I have looked at my site and I realize things are a little messy. Sorry. I am a bit disorganized lately. I guess too many virtual irons in the fire has led me to this. I have a few online projects in the making and all of a sudden I also have a lot of real life irons ready to be pounded into steel. Birthdays, yard needing tending, progress reports for all the students I work with, homework to create, I just changed my schedule so I also have to sort that whole thing out too. that is just the real life things I need to figure out.
Then there is fitness. I am still juicing/smoothieing, I am working on changing my running form (or at least looking closer at it), I had to do research for new shoes and I needed to find more examples of running style, I am still figuring out how to balance my dietary change with how I feed my children and my wife and not get them bored or starving.
Meditation has not been as rigidly in my schedule in the last week as previously. This has affected my concentration and subsequently my higher reasoning ability. I find it harder to problem-solve and it takes longer to figure out my life. I also stop becoming rigid about things I should be rigid about.

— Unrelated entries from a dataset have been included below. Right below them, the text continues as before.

lemma C3_derivs_on_log_sum_exp:
  assumes "\<And>z. z \<in> S \<Longrightarrow> f z = ln (\<Sum>i\<in>UNIV. exp (h i z))"
  shows "C3_derivs_on S f lse_D1 lse_D2 lse_D3"
  unfolding C3_derivs_on_def
proof (intro conjI ballI)
  fix z assume z: "z \<in> S"
  have D1: "blinfun_apply (lse_D1 z) = lse_d1 z"
    using z by (simp add: lse_D1_apply fun_eq_iff)
  show "(f has_derivative blinfun_apply (lse_D1 z)) (at z)"
    unfolding D1 using has_derivative_log_sum_exp[OF z]
    by (rule has_derivative_transform_within_open[OF _ open_domain z]) (simp add: assms)
  show "(lse_D1 has_derivative blinfun_apply (lse_D2 z)) (at z)"
  proof (rule has_derivative_blinfun_componentwise)
    fix u
    show "((\<lambda>y. lse_D1 y u) has_derivative (\<lambda>w. lse_D2 z w u)) (at z)"
      using has_derivative_lse_d1[OF z, of u]
      by (rule has_derivative_transform_within_open[OF _ open_domain z, THEN has_derivative_eq_rhs])
        (simp_all add: lse_D1_apply lse_D2_apply z)
  qed
  show "(lse_D2 has_derivative blinfun_apply (lse_D3 z)) (at z)"
  proof (intro has_derivative_blinfun_componentwise)
    fix v u
    show "((\<lambda>y. lse_D2 y v u) has_derivative (\<lambda>w. lse_D3 z w v u)) (at z)"
      using has_derivative_lse_d2[OF z, of u v]
      by (rule has_derivative_transform_within_open[OF _ open_domain z, THEN has_derivative_eq_rhs])
        (simp_all add: lse_D2_apply lse_D3_apply z)
  qed
next
  show "continuous_on S lse_D3"
  proof (intro continuous_on_blinfun_componentwise)
    fix w v u
    show "continuous_on S (\<lambda>z. lse_D3 z w v u)"
      using continuous_on_lse_d3[of u v w] by (rule continuous_on_eq) (simp add: lse_D3_apply)
  qed
qed

end

section \<open>The normal-heat exponents\<close>

type_synonym 'n point = "(real^'n) \<times> real"

definition nh_exponent :: "'n::finite \<Rightarrow> 'n point \<Rightarrow> real" where
  "nh_exponent i z = (fst z $ i)\<^sup>2 / (2 * snd z) - ln (snd z) / 2"

definition nh_d1 :: "'n::finite \<Rightarrow> 'n point \<Rightarrow> 'n point \<Rightarrow> real" where
  "nh_d1 i z u = fst z $ i * fst u $ i / snd z - (fst z $ i)\<^sup>2 * snd u / (2 * (snd z)\<^sup>2)
     - snd u / (2 * snd z)"

definition nh_d2 :: "'n::finite \<Rightarrow> 'n point \<Rightarrow> 'n point \<Rightarrow> 'n point \<Rightarrow> real" where
  "nh_d2 i z u v = fst u $ i * fst v $ i / snd z
     - fst z $ i * (fst u $ i * snd v + fst v $ i * snd u) / (snd z)\<^sup>2
     + (fst z $ i)\<^sup>2 * snd u * snd v / (snd z)^3 + snd u * snd v / (2 * (snd z)\<^sup>2)"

I have said before I was starting P90X and did not. My copy did not work. I bought another copy online and I can finally begin. I will watch all the videos first so I can become acquainted with the requirements.
I have not been able to post because my concentration is so poor. I have been easily distracted and I tend to just shut down after the kids go to bed. I have been making headway on keeping my kitchen cleaner and less cluttered for a few days. I even got some paint to repaint the white wood lip on the counters (not sure who thought white was a good color for this but I got fed up (after 8 years) and changed it to a beige).
My house is cluttered so much now that I have all but given up unless we are having people over (like for my children’s birthday parties) and need to at least have space to put food on the counters.
Times like this I find that I am reminded of my house when I was growing up. Our house was not really a mess but there were just a lot of things lying in corners. Or the garage was full of so much stuff that we did not know if there were black widows lurking in the deepest recesses of the scary place. Our garage became a place we never went into. This was why my mom hid the Christmas presents in there and how I found evidence of no Santa in the garage. Our dryer died and we had a second one put in in the middle of the dining area. Looking back, I am not too sure why this was. Our yard was the worst part. the back yard looked like something Stephen King would have written about or perhaps a dead baseball team would have wanted to build a field there to play on. I understand that my mom was worn out from working 12 hour days and going to school some nights then having to deal with 2 boys on her own. I understood it then but I just adapted to these things by ignoring them. The resulting emotion, though, was shame. I was ashamed to have people over to our house. I rarely had friends over and the ones I did have, were only my best friends. I do not feel shame anymore because I do not really care what others think about my house. I clean when others are coming because I consider it a courtesy. I find that I would want it clean if I were visiting someone else. I would want to be comfortable so I attempt to do it for them. I know all the reasons for doing it every week and I know that I need to have a schedule but my laziness comes on full force when I first try to make a schedule or a list and then trying to actually follow it.
Life tends to get in the way of those schedules and lists.